I have to admit that some of my favourite times at school in England involved a lot of scarfing down of  Eton mess in the caf with very good friends.    How could you not love a big slop of cream, crumbled meringes and fruit?  It’s not supposed to look pretty it’s well…a mess.  I look back now and can’t believe how young I was.  Most of the time I’m able to fool myself into thinking that I’m still 20 but realizing that I’m in my 13th. year of teaching tends to destroy that dillusion.  However, this could explain why I decided to do something totally different and cut 10 inches off of my hair yesterday.
Now that I’m thinking about it I’ll make some in the next couple of weeks but in the meantime I have a twisted/modern version that is a bit prettier but just as easy.  I’ve even used this in the place of a birthday cake when I have friends who aren’t cake lovers amongst me (I know-gasp-but everyone deserves love, even non-cake lovers).

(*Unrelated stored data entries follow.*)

lemma integral_inverse_powr_near_quadratic:
  fixes W :: "real \<Rightarrow> 'a::euclidean_space \<Rightarrow> complex"
  assumes "0 < \<tau>" "0 < r0" "r0 < \<rho>"
    and cont: "\<And>s. 0 < s \<Longrightarrow> continuous_on (cball 0 r0) (W s)"
    and near: "\<And>s \<zeta>. 0 \<le> s \<Longrightarrow> s < \<rho> \<Longrightarrow> norm \<zeta> < \<rho> \<Longrightarrow>
                 cmod (W s \<zeta> - of_real (s + norm \<zeta> ^ 2)) \<le> \<eta> * (s + norm \<zeta> ^ 2)"
    and "\<eta> \<le> 1/2" "\<eta> * \<tau> \<le> 1/4"
  defines "J \<equiv> \<lambda>s. Re (integral (ball 0 r0) (\<lambda>\<zeta>. 1 / W s \<zeta> powr of_real \<tau>))"
  shows "\<exists>C'>0. \<exists>s0>0. \<forall>s. 0 < s \<and> s < s0 \<longrightarrow>
           C' * integral {0..r0} (\<lambda>t. t ^ (DIM('a) - 1) / (s + t\<^sup>2) powr \<tau>) \<le> J s"
    and "real DIM('a) \<le> 2 * \<tau> \<Longrightarrow> filterlim J at_top (at_right 0)"
proof -
  define C' where "C' = unit_ball_vol DIM('a) / (2 * 8 powr \<tau>)"
  define I where "I s = integral {0..r0} (\<lambda>t. t ^ (DIM('a) - 1) / (s + t\<^sup>2) powr \<tau>)" for s
  have "0 < C'"
    by (simp add: C'_def)
  have lower: "C' * I s \<le> J s" if "0 < s" "s < \<rho>" for s
    unfolding C'_def I_def J_def
    by (rule Re_integral_inverse_powr_ge[OF \<open>0 < \<tau>\<close> \<open>0 < s\<close> \<open>0 < r0\<close> cont[OF \<open>0 < s\<close>]])
       (use near that assms(2,3,6,7) in auto)
  with \<open>0 < C'\<close> \<open>0 < r0\<close> \<open>r0 < \<rho>\<close> show "\<exists>C'>0. \<exists>s0>0. \<forall>s. 0 < s \<and> s < s0 \<longrightarrow>
           C' * integral {0..r0} (\<lambda>t. t ^ (DIM('a) - 1) / (s + t\<^sup>2) powr \<tau>) \<le> J s"
    unfolding I_def by (meson order.strict_trans)
  assume "real DIM('a) \<le> 2 * \<tau>"
  then have "filterlim (\<lambda>s. C' * I s) at_top (at_right 0)"
    unfolding I_def using \<open>0 < C'\<close> \<open>0 < r0\<close>
    by (intro filterlim_tendsto_pos_mult_at_top[OF tendsto_const] radial_weight_integral_tendsto_at_top)
       (auto simp: Suc_le_eq)
  moreover have "\<forall>\<^sub>F s in at_right 0. C' * I s \<le> J s"
    unfolding eventually_at_right_field using lower \<open>0 < r0\<close> \<open>r0 < \<rho>\<close> by (metis order.strict_trans)
  ultimately show "filterlim J at_top (at_right 0)"
    by (rule filterlim_at_top_mono)
qed

section \<open>The bracket near the origin\<close>

lemma smooth_on_imp_continuous_on:
  assumes "smooth_on S g"
  shows "continuous_on S g"
proof -
  have "g differentiable (at x within S)" if "x \<in> S" for x
    using assms that unfolding smooth_on_def by (metis fold_Nil id_apply)
  then show ?thesis
    by (simp add: continuous_on_eq_continuous_within differentiable_imp_continuous_within)
qed

lemma bigo_at_imp_local_bound:
  fixes g k :: "'a::{metric_space,perfect_space} \<Rightarrow> real"
  assumes "g \<in> O[at x](k)" "isCont g x" "isCont k x" "k x = 0"
  obtains c d where "0 < c" "0 < d" "\<And>y. dist y x < d \<Longrightarrow> \<bar>g y\<bar> \<le> c * \<bar>k y\<bar>"
proof -
  obtain c where "0 < c" and bound: "\<forall>\<^sub>F y in at x. norm (g y) \<le> c * norm (k y)"
    using assms(1) by (elim landau_o.bigE)
  have "((\<lambda>y. c * norm (k y)) \<longlongrightarrow> c * norm (k x)) (at x)"
    using assms(3) by (intro tendsto_intros) (simp add: isCont_def)
  then have "(g \<longlongrightarrow> 0) (at x)"
    using Lim_null_comparison[OF bound] assms(4) by simp
  then have "g x = 0"
    using tendsto_unique[OF at_neq_bot] assms(2) by (auto simp: isCont_def)
  obtain d where "0 < d" and near: "\<And>y. y \<noteq> x \<Longrightarrow> dist y x < d \<Longrightarrow> norm (g y) \<le> c * norm (k y)"
    using bound unfolding eventually_at by auto
  have "\<bar>g y\<bar> \<le> c * \<bar>k y\<bar>" if "dist y x < d" for y
    using near[OF _ that] \<open>g x = 0\<close> \<open>0 < c\<close> by (cases "y = x") auto
  then show ?thesis
    using that[OF \<open>0 < c\<close> \<open>0 < d\<close>] by blast
qed

lemma continuous_on_imp_local_bound:
  fixes g :: "'a::metric_space \<Rightarrow> 'b::real_normed_vector"
  assumes "continuous_on S g" "x \<in> S"
  obtains d where "0 < d" "\<And>y. y \<in> S \<Longrightarrow> dist y x < d \<Longrightarrow> norm (g y) \<le> norm (g x) + 1"
proof -
  obtain d where "0 < d" and close: "\<And>y. y \<in> S \<Longrightarrow> dist y x < d \<Longrightarrow> dist (g y) (g x) < 1"
    using assms unfolding continuous_on_iff by (meson zero_less_one)
  have "norm (g y) \<le> norm (g x) + 1" if "y \<in> S" "dist y x < d" for y
    using norm_triangle_sub[of "g y" "g x"] close[OF that] unfolding dist_norm by linarith
  then show ?thesis
    using that[OF \<open>0 < d\<close>] by blast
qed

definition bracket ::
    "(real \<times> 'v \<Rightarrow> real) \<Rightarrow> ('v \<Rightarrow> real) \<Rightarrow> (real \<times> 'v \<Rightarrow> 'v) \<Rightarrow> (real \<times> 'v \<Rightarrow> 'v)
       \<Rightarrow> real \<Rightarrow> 'v::real_inner \<Rightarrow> complex"
  where "bracket f h a b s \<zeta> =
    Complex (f (h \<zeta>, \<zeta>) + s * (1 + inner \<zeta> (b (s, \<zeta>)))) (- (h \<zeta> + s * inner \<zeta> (a (s, \<zeta>))))"

lemma continuous_on_bracket:
  assumes "continuous_on UNIV f" "continuous_on UNIV h"
    and "continuous_on ({0..} \<times> UNIV) a" "continuous_on ({0..} \<times> UNIV) b" "0 \<le> s"
  shows "continuous_on UNIV (bracket f h a b s)"
proof -
  have "continuous_on UNIV (\<lambda>\<zeta>. f (h \<zeta>, \<zeta>))"
    using assms(2) by (intro continuous_on_compose2[OF assms(1)] continuous_intros) auto
  moreover have "continuous_on UNIV (\<lambda>\<zeta>. a (s, \<zeta>))" "continuous_on UNIV (\<lambda>\<zeta>. b (s, \<zeta>))"
    using \<open>0 \<le> s\<close> by (intro continuous_on_compose2[OF assms(3)] continuous_on_compose2[OF assms(4)]
        continuous_intros; auto)+
  moreover have "bracket f h a b s = (\<lambda>\<zeta>. of_real (f (h \<zeta>, \<zeta>) + s * (1 + inner \<zeta> (b (s, \<zeta>))))
                   + \<i> * of_real (- (h \<zeta> + s * inner \<zeta> (a (s, \<zeta>)))))"
    by (simp add: bracket_def Complex_eq fun_eq_iff)
  ultimately show ?thesis
    using assms(2) by (simp only:) (intro continuous_intros)
qed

I used homemade meringues but you can easily just buy some for this recipe and still look like a total star.
Line a spring form pan with cling film.  Leave lots of overlap-you’ll need that later.
Crumble meringues onto the bottom, I used four personalized ones.

Add a layer of sorbet, I love raspberry so that’s what we’ve got.  This would also be terrific with chocolate icecream, vanilla, mango….  It’s easiest to deal with if you’ve put it on the counter for a few minutes before your attempt.
Add a layer of fresh fruit and some chunks of good chocolate.  I’ve also drizzled in syrupy balsamic and/or a bit of liquour to this layer but I decided to “old school it” today.
Add another layer of crumbled meringues.
Fold over the plastic and give it a good crunch with your hands to compact everything.  Freeze for a minimum of 30 minutes.
Remove your ring.
Cut into nice slice and faff about with your camera enough that it starts to melt.
My babes says to eat the chocolate chunks first.